Assim como em Braxília, existe uma relação muito forte de seus personagens (ficcionais ou não) com a cidade ao redor. Julie, Agosto, Setembro começa mostrando uma Goiânia desfocada, e vai ganhando contornos nítidos a partir da familiaridade que a própria protagonista vai conquistando no curto período de sua estadia. O texto, ligeiro e cheio de boas sacadas, sustenta grande parte do filme, que pouco tem de interação entre os atores em cena, além de uma montagem esperta e certeira. Dessa vez, a homenagem é ao nosso poder de adaptação.
Riscado (RJ/BR, 2010)
Dir: Gustavo Pizzi
Diferente de muitos trabalhos nacionais recentes que adoram experimentar com a forma (e a mescla entre documentário e ficção tem se tornado um tanto cansativo nesse sentido), Riscado, como produção independente, acerta muitíssimo bem ao injetar naturalismo num filme cuja maior força é a história que quer contar, focado numa personagem a quem nos identificamos de cara e por quem passamos a torcer, sem que o filme precise abusar de artifícios estéticos para isso.
Bianca (Karine Teles, esposa do diretor) é uma atriz de pequenos trabalhos. Faz desde animação de festas de aniversário vestida de Marilyn Monroe, Betty Page e Carmen Miranda, até entrega de panfletos nas ruas, fantasiada, além de atuar numa peça de teatro. Mas sua grande oportunidade aparece quando ela é convidada a protagonizar um filme, coprodução entre Brasil e França.

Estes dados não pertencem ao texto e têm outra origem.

lemma binomial_convolution_Suc:
  fixes g :: "nat \<Rightarrow> real"
  shows "(\<Sum>i\<le>n. real (n choose i) * c ^ i * g (Suc n - i)) +
         (\<Sum>i\<le>n. real (n choose i) * c ^ Suc i * g (n - i)) =
         (\<Sum>i\<le>Suc n. real (Suc n choose i) * c ^ i * g (Suc n - i))"
proof -
  have rhs: "(\<Sum>i\<le>Suc n. real (Suc n choose i) * c ^ i * g (Suc n - i)) =
      g (Suc n) + (\<Sum>i\<le>n. real (n choose i) * c ^ Suc i * g (n - i))
        + (\<Sum>i\<le>n. real (n choose Suc i) * c ^ Suc i * g (n - i))"
    by (subst sum.atMost_Suc_shift) (simp add: ring_distribs sum.distrib)
  have "(\<Sum>i\<le>n. real (n choose i) * c ^ i * g (Suc n - i)) =
      (\<Sum>i\<le>Suc n. real (n choose i) * c ^ i * g (Suc n - i))"
    by simp
  also have "\<dots> = g (Suc n) + (\<Sum>i\<le>n. real (n choose Suc i) * c ^ Suc i * g (n - i))"
    by (subst sum.atMost_Suc_shift) simp
  finally show ?thesis
    using rhs by simp
qed

lemma mat_pow_add_diagonal:
  assumes "finite S" and "y \<in> S"
  shows "mat_pow S (\<lambda>z y. Q z y + (if z = y then c else 0)) n x y =
    (\<Sum>i\<le>n. real (n choose i) * c ^ i * mat_pow S Q (n - i) x y)"
  using assms(2)
proof (induction n arbitrary: y)
  case 0
  then show ?case by simp
next
  case (Suc n)
  let ?B = "\<lambda>z y. Q z y + (if z = y then c else 0)"
  let ?g = "\<lambda>j. mat_pow S Q j x y"
  have "mat_pow S ?B (Suc n) x y =
      (\<Sum>z\<in>S. mat_pow S ?B n x z * Q z y) + (\<Sum>z\<in>S. if z = y then mat_pow S ?B n x z * c else 0)"
    unfolding mat_pow.simps sum.distrib [symmetric] by (rule sum.cong [OF refl]) (simp add: ring_distribs)
  also have "(\<Sum>z\<in>S. if z = y then mat_pow S ?B n x z * c else 0) = c * mat_pow S ?B n x y"
    using assms(1) Suc.prems by (simp add: sum.delta' mult.commute)
  also have "(\<Sum>z\<in>S. mat_pow S ?B n x z * Q z y) =
      (\<Sum>i\<le>n. real (n choose i) * c ^ i * (\<Sum>z\<in>S. mat_pow S Q (n - i) x z * Q z y))"
    by (simp add: Suc.IH sum_distrib_left sum_distrib_right mult.assoc cong: sum.cong)
      (rule sum.swap)
  also have "\<dots> = (\<Sum>i\<le>n. real (n choose i) * c ^ i * ?g (Suc n - i))"
    by (intro sum.cong refl) (simp add: Suc_diff_le)
  also have "c * mat_pow S ?B n x y = (\<Sum>i\<le>n. real (n choose i) * c ^ Suc i * ?g (n - i))"
    by (simp add: Suc.IH[OF Suc.prems] sum_distrib_left mult_ac)
  finally show ?case
    using binomial_convolution_Suc[of n c ?g] by simp
qed

lemma mat_exp_add_diagonal:
  assumes "finite S" and "y \<in> S"
  shows "mat_exp S (\<lambda>z y. Q z y + (if z = y then c else 0)) t x y = exp (c * t) * mat_exp S Q t x y"
proof -
  define a where "a = (\<lambda>i. (c * t) ^ i / fact i)"
  define b where "b = (\<lambda>j. t ^ j / fact j * mat_pow S Q j x y)"
  have "summable (\<lambda>i. norm (a i))"
    using sums_summable[OF exp_series_sums[of "\<bar>c * t\<bar>"]] by (simp add: a_def power_abs)
  moreover have "summable (\<lambda>j. norm (b j))"
    unfolding b_def using assms by (rule summable_norm_mat_exp_series)
  ultimately have "(\<lambda>n. \<Sum>i\<le>n. a i * b (n - i)) sums (suminf a * suminf b)"
    by (rule Cauchy_product_sums)
  moreover have "suminf a = exp (c * t)"
    unfolding a_def by (rule sums_unique [symmetric, OF exp_series_sums])
  moreover have "(\<Sum>i\<le>n. a i * b (n - i)) =
      t ^ n / fact n * mat_pow S (\<lambda>z y. Q z y + (if z = y then c else 0)) n x y" for n
  proof -
    have "a i * b (n - i) = t ^ n / fact n * (real (n choose i) * c ^ i * mat_pow S Q (n - i) x y)"
      if "i \<le> n" for i
    proof -
      have "t ^ n = t ^ i * t ^ (n - i)"
        using that by (simp add: power_add [symmetric])
      then show ?thesis
        using that by (simp add: a_def b_def binomial_fact power_mult_distrib field_simps)
    qed
    then show ?thesis
      by (simp add: mat_pow_add_diagonal[OF assms] sum_distrib_left)
  qed
  ultimately show ?thesis
    by (simp add: mat_exp_def b_def sums_iff)
qed

lemma mat_pow_nonneg:
  assumes "\<And>z y. z \<in> S \<Longrightarrow> y \<in> S \<Longrightarrow> 0 \<le> B z y" and "y \<in> S"
  shows "0 \<le> mat_pow S B n x y"
  using assms(2) by (induction n arbitrary: y) (auto intro!: sum_nonneg mult_nonneg_nonneg assms(1))

text \<open>Uniformisation: adding a large enough multiple of the identity makes the generator
  nonnegative, and only rescales its exponential by a positive factor.\<close>
lemma mat_exp_nonneg:
  assumes "finite S" and offdiag: "\<And>z y. z \<in> S \<Longrightarrow> y \<in> S \<Longrightarrow> z \<noteq> y \<Longrightarrow> 0 \<le> Q z y"
    and "0 \<le> t" and "y \<in> S"
  shows "0 \<le> mat_exp S Q t x y"
proof -
  define c where "c = (\<Sum>z\<in>S. \<bar>Q z z\<bar>)"
  have "\<bar>Q z z\<bar> \<le> c" if "z \<in> S" for z
    unfolding c_def using assms(1) that by (intro member_le_sum) auto
  then have "0 \<le> Q z y + (if z = y then c else 0)" if "z \<in> S" "y \<in> S" for z y
    using offdiag[OF that] that by (cases "z = y") force+
  then have "0 \<le> mat_exp S (\<lambda>z y. Q z y + (if z = y then c else 0)) t x y"
    unfolding mat_exp_def using assms(1,3,4)
    by (intro suminf_nonneg summable_mat_exp_series mult_nonneg_nonneg mat_pow_nonneg) auto
  then show ?thesis
    unfolding mat_exp_add_diagonal[OF assms(1,4)] by (simp add: zero_le_mult_iff)
qed

lemma sum_mult_mat_pow_Suc:
  "(\<Sum>x\<in>S. \<mu> x * mat_pow S Q (Suc n) x y) = (\<Sum>z\<in>S. (\<Sum>x\<in>S. \<mu> x * mat_pow S Q n x z) * Q z y)"
  by (simp add: sum_distrib_left sum_distrib_right mult.assoc) (rule sum.swap)

lemma sums_sum_mult_mat_exp:
  assumes "finite S" and "y \<in> S"
  shows "(\<lambda>n. t ^ n / fact n * (\<Sum>x\<in>S. \<mu> x * mat_pow S Q n x y)) sums
    (\<Sum>x\<in>S. \<mu> x * mat_exp S Q t x y)"
proof -
  have "(\<lambda>n. \<Sum>x\<in>S. \<mu> x * (t ^ n / fact n * mat_pow S Q n x y)) sums (\<Sum>x\<in>S. \<mu> x * mat_exp S Q t x y)"
    unfolding mat_exp_def using assms
    by (intro sums_sum sums_mult summable_sums summable_mat_exp_series)
  then show ?thesis
    by (simp add: sum_distrib_left mult_ac)
qed

section \<open>The multi-species ASEP generator\<close>

lemma perms_on_iff_permutes: "\<sigma> \<in> perms_on m n \<longleftrightarrow> \<sigma> permutes {m..n}"
  unfolding perms_on_def by (auto intro: bij_imp_permutes permutes_imp_bij permutes_not_in)

lemma finite_perms_on: "finite (perms_on m n)"
proof -
  have "perms_on m n = {\<sigma>. \<sigma> permutes {m..n}}"
    by (auto simp: perms_on_iff_permutes)
  then show ?thesis
    by (simp add: finite_permutations)
qed

lemma swap_at_eq_comp_transpose: "swap_at \<sigma> x = \<sigma> \<circ> transpose x (x + 1)"
  by (auto simp: swap_at_def transpose_def)

lemma swap_at_swap_at [simp]: "swap_at (swap_at \<sigma> x) x = \<sigma>"
  by (auto simp: swap_at_def)

lemma swap_at_in_perms_on:
  "\<sigma> \<in> perms_on m n \<Longrightarrow> m \<le> x \<Longrightarrow> x < n \<Longrightarrow> swap_at \<sigma> x \<in> perms_on m n"
  by (simp add: perms_on_iff_permutes swap_at_eq_comp_transpose permutes_compose permutes_swap_id)

definition jump_rate :: "real \<Rightarrow> (int \<Rightarrow> int) \<Rightarrow> int \<Rightarrow> real" where
  "jump_rate q \<sigma> x = (if \<sigma> x < \<sigma> (x + 1) then 1 else q)"

lemma asep_gen_pow_eq_mat_pow: "asep_gen_pow q X n = mat_pow (perms_on (-X) X) (asep_gen q X) n"
  by (induction n) (auto intro!: ext)

locale asep =
  fixes q :: real and X :: int
  assumes q_nonneg: "0 \<le> q"
begin

abbreviation S :: "(int \<Rightarrow> int) set" where
  "S \<equiv> perms_on (-X) X"

lemma asep_exit_rate:
  assumes "\<sigma> \<in> S"
  shows "(\<Sum>\<rho>\<in>S. asep_rate q X \<sigma> \<rho>) = (\<Sum>x\<in>{-X..<X}. jump_rate q \<sigma> x)"
proof -
  have "(\<Sum>\<rho>\<in>S. asep_rate q X \<sigma> \<rho>) =
      (\<Sum>x\<in>{-X..<X}. \<Sum>\<rho>\<in>S. if \<rho> = swap_at \<sigma> x then jump_rate q \<sigma> x else 0)"
    unfolding asep_rate_def jump_rate_def by (rule sum.swap)
  also have "\<dots> = (\<Sum>x\<in>{-X..<X}. jump_rate q \<sigma> x)"
    using assms finite_perms_on by (intro sum.cong refl) (simp add: swap_at_in_perms_on)
  finally show ?thesis .
qed

lemma asep_gen_row_sum: "\<sigma> \<in> S \<Longrightarrow> (\<Sum>\<tau>\<in>S. asep_gen q X \<sigma> \<tau>) = 0"
  unfolding asep_gen_def using finite_perms_on by (simp add: sum_subtractf)

lemma asep_gen_offdiag_nonneg: "\<sigma> \<noteq> \<tau> \<Longrightarrow> 0 \<le> asep_gen q X \<sigma> \<tau>"
  unfolding asep_gen_def asep_rate_def using q_nonneg by (auto intro!: sum_nonneg)

lemma asep_trans_eq_mat_exp: "asep_trans q X t = mat_exp S (asep_gen q X) t"
  by (intro ext) (simp add: asep_trans_def mat_exp_def asep_gen_pow_eq_mat_pow)

lemma asep_trans_row_sum: "\<sigma> \<in> S \<Longrightarrow> (\<Sum>\<tau>\<in>S. asep_trans q X t \<sigma> \<tau>) = 1"
  unfolding asep_trans_eq_mat_exp by (intro mat_exp_row_sum finite_perms_on asep_gen_row_sum)
text \<open>Monotonicity in \<open>r\<close>: each \<open>\<gamma>\<^sub>R\<close> with \<open>R \<in> \<Phi>(0,r+1)\<close> is the \<open>w\<close>-vector of the
  \<open>r\<close>-marginal of \<open>h_R\<close>, which is \<open>r\<close>-Markov exchangeable.\<close>
lemma conv_gamma_Suc_subset:
  assumes "n \<le> r" "1 \<le> r"
  shows "conv_fin (gamma n (r + 1) ` Phi0 (r + 1)) \<subseteq> conv_fin (gamma n r ` Phi0 r)"
proof (rule conv_fin_subset, rule image_subsetI)
  fix R assume R: "R \<in> Phi0 (r + 1)"
  let ?h = "marg (r + 1) (hR (r + 1) R) r"
  have "markov_exch r ?h"
    using assms hR_markov_exch[OF R] by (intro marg_markov_exch) simp_all
  moreover have "zero_start r ?h"
    using assms by (intro marg_zero_start hR_zero_start)
  ultimately have "wvec n r ?h \<in> conv_fin (gamma n r ` Phi0 r)" by (rule wvec_in_conv_gamma)
  then show "gamma n (r + 1) R \<in> conv_fin (gamma n r ` Phi0 r)"
    using assms by (simp add: gamma_def wvec_marg)
qed

text \<open>The theorem (the hypothesis \<open>2 \<le> n\<close> is only used as \<open>1 \<le> n\<close>).\<close>
theorem mainTheorem12:
  fixes n r :: nat and p :: "nat list \<Rightarrow> real"
  assumes "2 \<le> n" and "n \<le> r"
    and "markov_exch n p"
    and "(\<Sum>xs\<in>{xs\<in>seqs n. xs ! 0 = 0}. p xs) = 1"
  shows "(extendible n r p \<longleftrightarrow> wvec n n p \<in> conv_fin (gamma n r ` Phi0 r))
    \<and> conv_fin (gamma n (r + 1) ` Phi0 (r + 1)) \<subseteq> conv_fin (gamma n r ` Phi0 r)"
proof -
  have n: "1 \<le> n" "n \<le> r" using assms(1,2) by simp_all
  have "zero_start n p" using zero_start_iff assms(3,4) by (simp add: markov_exch_def)
  then show ?thesis
    using extendible_imp_conv[OF n assms(4)] conv_imp_extendible[OF n assms(3)]
      conv_gamma_Suc_subset[OF n(2)] n by auto
qed
definition bump_area :: "real \<Rightarrow> real" where
  "bump_area u = u ^ 4 / 2 - u ^ 3 / 3 - u ^ 5 / 5"

lemma bump_has_vector_derivative: "(bump has_vector_derivative bump' u) (at u within S)"
  unfolding bump_def[abs_def] bump'_def
  by (auto intro!: derivative_eq_intros
      simp: has_real_derivative_iff_has_vector_derivative[symmetric] algebra_simps eval_nat_numeral)

lemma bump_area_has_real_derivative: "(bump_area has_real_derivative wedge (bump u) (bump' u)) (at u within S)"
proof -
  have "wedge (bump u) (bump' u) = 2 * u ^ 3 - u\<^sup>2 - u ^ 4"
    by (simp add: bump_def bump'_def wedge_def algebra_simps eval_nat_numeral)
  then show ?thesis
    unfolding bump_area_def[abs_def] by (auto intro!: derivative_eq_intros simp: algebra_simps eval_nat_numeral)
qed

lemma bump_endpoints: "bump 0 = 0" "bump 1 = 0"
  by (simp_all add: bump_def zero_prod_def)

lemma bump_area_endpoints: "bump_area 0 = 0" "bump_area 1 = - 1 / 30"
  by (simp_all add: bump_area_def)

lemma lipschitz_bump: "2-lipschitz_on {0..1} bump"
proof (rule lipschitz_on_if_vector_derivative_bounded[OF bump_has_vector_derivative])
  fix u :: real assume u: "u \<in> {0..1}"
  have "\<bar>1 - 2 * u\<bar> \<le> 1" using u by auto
  moreover have "\<bar>3 * u\<^sup>2 - 2 * u\<bar> \<le> 1"
  proof -
    have "(3 * u + 1) * (u - 1) \<le> 0" using u by (intro mult_nonneg_nonpos) auto
    moreover have "0 \<le> 3 * (u - 1 / 3)\<^sup>2" by simp
    ultimately show ?thesis by (simp add: abs_le_iff power2_eq_square algebra_simps)
  qed
  ultimately show "norm (bump' u) \<le> 2"
    using norm_Pair_le[of "1 - 2 * u" "3 * u\<^sup>2 - 2 * u"] by (simp add: bump'_def)
qed simp

lemma horizontal_add_loop:
  fixes \<sigma> :: real and c :: "real \<Rightarrow> real \<times> real"
  defines "G \<equiv> \<lambda>u. integral {0..u} (\<lambda>v. wedge (c v) (bump' v))"
  assumes hc: "horizontal c z"
  shows "horizontal (\<lambda>u. c u + \<sigma> *\<^sub>R bump u)
    (\<lambda>u. z u + \<sigma> * (G u - G 1 + wedge (bump u) (c u) / 2) + \<sigma>\<^sup>2 / 2 * (bump_area u - bump_area 1))"
    (is "horizontal ?c2 ?z2")
proof (rule horizontal_transfer[OF hc])
  have lc: "lipschitz_path c" and lz: "lipschitz_path z" using hc by (auto simp: horizontal_def)
  have lb: "lipschitz_path bump" using lipschitz_bump by (rule lipschitz_pathI)
  define g where "g v = wedge (c v) (bump' v)" for v
  have lg: "lipschitz_path g" unfolding g_def bump'_def by (intro lipschitz_path_intros lc)
  then have "continuous_on {0..1} g" using lipschitz_on_continuous_on by (auto simp: lipschitz_path_def)
  have G_deriv: "(G has_real_derivative g u) (at u within {0..1})" if "u \<in> {0..1}" for u
    unfolding G_def g_def[symmetric] using integral_has_real_derivative[OF \<open>continuous_on {0..1} g\<close> that] .
  show "lipschitz_path ?c2" by (intro lipschitz_path_intros lc lb)
  show "lipschitz_path ?z2"
    unfolding G_def g_def[symmetric] bump_area_def by (intro lipschitz_path_intros lz lg lb lc)
  fix u c' assume u: "u \<in> {0..1}" and dc: "(c has_vector_derivative c') (at u within {0..1})"
    and dz: "(z has_real_derivative wedge (c u) c' / 2) (at u within {0..1})"
  have "(?c2 has_vector_derivative c' + \<sigma> *\<^sub>R bump' u) (at u within {0..1})"
    by (intro has_vector_derivative_add dc bounded_linear.has_vector_derivative[OF bounded_linear_scaleR_right]
        bump_has_vector_derivative)
  moreover have dz2: "(?z2 has_real_derivative wedge (c u) c' / 2
      + \<sigma> * (g u - 0 + (wedge (bump u) c' + wedge (bump' u) (c u)) / 2)
      + \<sigma>\<^sup>2 / 2 * (wedge (bump u) (bump' u) - 0)) (at u within {0..1})"
    by (intro DERIV_add DERIV_diff DERIV_cmult dz G_deriv[OF u] DERIV_cdivide DERIV_const
        wedge_has_vector_derivative bump_has_vector_derivative dc bump_area_has_real_derivative)
  have "wedge (c u) c' / 2 + \<sigma> * (g u - 0 + (wedge (bump u) c' + wedge (bump' u) (c u)) / 2)
      + \<sigma>\<^sup>2 / 2 * (wedge (bump u) (bump' u) - 0) = wedge (?c2 u) (c' + \<sigma> *\<^sub>R bump' u) / 2"
    by (simp add: g_def wedge_def field_simps power2_eq_square)
  with dz2 have "(?z2 has_real_derivative wedge (?c2 u) (c' + \<sigma> *\<^sub>R bump' u) / 2) (at u within {0..1})"
    by (simp only:)
  ultimately show "\<exists>c2'. (?c2 has_vector_derivative c2') (at u within {0..1}) \<and>
      (?z2 has_real_derivative wedge (?c2 u) c2' / 2) (at u within {0..1})" by blast
qed

context gauge_body
begin

lemma add_loop:
  assumes hor: "horizontal_to_origin p t c z"
  shows "\<exists>c2 z2. horizontal_to_origin p (t - \<sigma> * integral {0..1} (\<lambda>v. wedge (c v) (bump' v)) + \<sigma>\<^sup>2 / 60) c2 z2
    \<and> plane_length Q c2 \<le> plane_length Q c + \<bar>\<sigma>\<bar> * 2 / \<rho>"
proof -
  have hc: "horizontal c z" and c0: "c 0 = p" and c1: "c 1 = 0" and z0: "z 0 = t" and z1: "z 1 = 0"
    using hor by (auto simp: horizontal_to_origin_def)
  have lc: "lipschitz_path c" using hc by (auto simp: horizontal_def)
  define G where "G u = integral {0..u} (\<lambda>v. wedge (c v) (bump' v))" for u
  define c2 where "c2 u = c u + \<sigma> *\<^sub>R bump u" for u
  define z2 where "z2 u = z u + \<sigma> * (G u - G 1 + wedge (bump u) (c u) / 2) + \<sigma>\<^sup>2 / 2 * (bump_area u - bump_area 1)"
    for u
  have "horizontal c2 z2"
    using horizontal_add_loop[OF hc, of \<sigma>] unfolding c2_def[abs_def] z2_def[abs_def] G_def .
  moreover have "z2 0 = t - \<sigma> * G 1 + \<sigma>\<^sup>2 / 60"
    by (simp add: z2_def z0 G_def bump_endpoints bump_area_endpoints wedge_def algebra_simps)
  moreover have "z2 1 = 0" by (simp add: z2_def z1 c1 bump_endpoints wedge_def)
  ultimately have "horizontal_to_origin p (t - \<sigma> * G 1 + \<sigma>\<^sup>2 / 60) c2 z2"
    by (simp add: horizontal_to_origin_def c2_def c0 c1 bump_endpoints)
  moreover have "plane_length Q c2 \<le> plane_length Q c + \<bar>\<sigma>\<bar> * 2 / \<rho>"
  proof -
    have "plane_length Q c2 \<le> plane_length Q c + plane_length Q (\<lambda>u. \<sigma> *\<^sub>R bump u)"
      unfolding c2_def
      by (intro plane_length_add_le lc lipschitz_path_intros lipschitz_pathI[OF lipschitz_bump])
    also have "plane_length Q (\<lambda>u. \<sigma> *\<^sub>R bump u) \<le> \<bar>\<sigma>\<bar> * 2 / \<rho>"
      by (intro plane_length_le_lipschitz lipschitz_on_cmult lipschitz_bump)
    finally show ?thesis by simp
  qed
  ultimately show ?thesis unfolding G_def by blast
qed

lemma raise_height:
  assumes hor: "horizontal_to_origin p t c z" and \<delta>: "0 \<le> \<delta>"
  shows "\<exists>c2 z2. horizontal_to_origin p (t + \<delta>) c2 z2 \<and>
    plane_length Q c2 \<le> plane_length Q c + 2 / \<rho> * sqrt (60 * \<delta>)"
proof -
  define A where "A = integral {0..1} (\<lambda>v. wedge (c v) (bump' v))"
  \<comment> \<open>The loop is traversed with amplitude r in the direction that makes both terms of the height
    change - \<sigma> A + \<sigma>^2/60 nonnegative.\<close>
  have "continuous_on {0..sqrt (60 * \<delta>)} (\<lambda>r. r * \<bar>A\<bar> + r\<^sup>2 / 60)"
    by (intro continuous_intros) auto
  moreover have "\<delta> \<le> sqrt (60 * \<delta>) * \<bar>A\<bar> + (sqrt (60 * \<delta>))\<^sup>2 / 60" using \<delta> by simp
  ultimately obtain r where r: "0 \<le> r" "r \<le> sqrt (60 * \<delta>)" "r * \<bar>A\<bar> + r\<^sup>2 / 60 = \<delta>"
    using IVT'[of "\<lambda>r. r * \<bar>A\<bar> + r\<^sup>2 / 60" 0 \<delta> "sqrt (60 * \<delta>)"] \<delta> by auto
  define \<sigma> where "\<sigma> = (if 0 \<le> A then - r else r)"
  have height: "t - \<sigma> * A + \<sigma>\<^sup>2 / 60 = t + \<delta>" and len: "\<bar>\<sigma>\<bar> * 2 / \<rho> \<le> 2 / \<rho> * sqrt (60 * \<delta>)"
    using r radius_pos by (auto simp: \<sigma>_def divide_right_mono)
  obtain c2 z2 where "horizontal_to_origin p (t + \<delta>) c2 z2"
    and "plane_length Q c2 \<le> plane_length Q c + \<bar>\<sigma>\<bar> * 2 / \<rho>"
    using add_loop[OF hor, of \<sigma>] unfolding A_def[symmetric] height by blast
  with len show ?thesis by (intro exI[of _ c2] exI[of _ z2]) auto
qed

end

lemma height_increment_le:
  assumes hor: "horizontal c z" and B: "B-lipschitz_on {0..1} c" and ab: "0 \<le> a" "a \<le> b" "b \<le> 1"
  shows "\<bar>z b - z a - wedge (c a) (c b) / 2\<bar> \<le> B * B * (b - a)\<^sup>2 / 2"
proof -
  obtain N where N: "negligible N"
    and der: "\<And>s. s \<in> {0..1} \<Longrightarrow> s \<notin> N \<Longrightarrow> \<exists>c'. (c has_vector_derivative c') (at s within {0..1}) \<and>
           (z has_real_derivative wedge (c s) c' / 2) (at s within {0..1})"
    using horizontal_negligibleE[OF hor] by blast
  define g where "g u = z u - wedge (c a) (c u) / 2" for u
  have "lipschitz_path g"
    using hor unfolding g_def horizontal_def by (intro lipschitz_path_intros) auto
  then obtain K where "K-lipschitz_on {0..1} g" by (auto simp: lipschitz_path_def)
  then have K: "K-lipschitz_on {a..b} g" by (rule lipschitz_on_subset) (use ab in auto)
  have "\<bar>g b - g a\<bar> \<le> B * B * (b - a) / 2 * (b - a)"
  proof (rule lipschitz_abs_diff_le_ae_deriv[OF ab(2) K N])
    fix u assume u: "u \<in> {a..b}" "u \<notin> N"
    have u01: "u \<in> {0..1}" using u ab by auto
    obtain c' where dc: "(c has_vector_derivative c') (at u within {0..1})"
      and dz: "(z has_real_derivative wedge (c u) c' / 2) (at u within {0..1})"
      using der[OF u01 u(2)] by blast
    have "(g has_real_derivative wedge (c u) c' / 2 - (wedge (c a) c' + wedge 0 (c u)) / 2) (at u within {0..1})"
      unfolding g_def
      by (intro DERIV_diff dz DERIV_cdivide wedge_has_vector_derivative has_vector_derivative_const dc)
    moreover have "wedge (c u) c' / 2 - (wedge (c a) c' + wedge 0 (c u)) / 2 = wedge (c u - c a) c' / 2"
      by (simp add: wedge_def field_simps)
    ultimately have "(g has_real_derivative wedge (c u - c a) c' / 2) (at u within {a..b})"
      using ab by (auto intro: DERIV_subset)
    moreover have "\<bar>wedge (c u - c a) c' / 2\<bar> \<le> B * B * (b - a) / 2"
    proof -
      have "norm (c u - c a) \<le> B * (u - a)"
        using lipschitz_on_normD[OF B u01, of a] ab u by auto
      also have "\<dots> \<le> B * (b - a)"
        using u lipschitz_on_nonneg[OF B] by (intro mult_left_mono) auto
      finally have "norm (c u - c a) \<le> B * (b - a)" .
      moreover have "norm c' \<le> B"
        using vector_derivative_norm_le_lipschitz[OF dc B u01] u01 by (simp add: trivial_limit_within)
      ultimately have "norm (c u - c a) * norm c' \<le> B * (b - a) * B"
        using lipschitz_on_nonneg[OF B] ab by (intro mult_mono) auto
      then show ?thesis using abs_wedge_le[of "c u - c a" c'] by (simp add: algebra_simps)
    qed
    ultimately show "\<exists>D. (g has_real_derivative D) (at u within {a..b}) \<and> \<bar>D\<bar> \<le> B * B * (b - a) / 2"
      by blast
  qed
  then show ?thesis by (simp add: g_def wedge_def power2_eq_square algebra_simps)
qed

De uma simplicidade incrível, sem os cacoetes do cinema alternativo, Riscado acompanha a luta de uma atriz em se firmar no mundo como tal. Seu maior desafio é ser reconhecida pelos outros dessa forma, e com a dignidade de uma profissional. Mas além das oportunidades que surgem ou lhe escapam das mãos, um outro obstáculo de Bianca são as pessoas que não conseguem enxergar ali seu verdadeiro ganha pão (e uma cena com a locatária de seu apartamento é bastante sintomática nesse sentido).
Interessante notar que Bianca, ao ser escolhida como a protagonista, trará muito de sua vida para a história do filme a ser rodado. E não deve ser difícil perceber o quanto da experiência da própria Karine Teles deve constar em Riscado. E esse efeito só é reforçado pela atuação super espontânea da atriz Karine Teles, que cria uma empatia direta do público com aquela mulher e sua luta diária.
O diretor sabe brincar, sabiamente, com o formato dos quadros do filme. Por vezes ele apresenta cenas em 16 mm ou em super 8 (perceptível pelo aspecto quadrado da projeção), o que confere uma atmosfera bastante intimista para essas situações. Se inicialmente elas parecem fazer parte de um acervo de imagens que a própria protagonista faz de si mesma (em determinado momento ela chega a dar esse material ao diretor do filme em que vai atuar), elas ganham outra significação quando parecem revelar a intimidade da personagem em seus anseios e desejos mais particulares, como fica evidente quando Bianca se prepara para dar uma entrevista.
De qualquer forma, são passagens que só reforçam o olhar singelo sobre essa mulher tentando sobreviver com o seu trabalho, digno, com aquilo que sabe fazer. Riscado é um filme que faz dessa motivação sua maior arma, mesmo que a luta ainda pareça ser bem mais dura de vencer.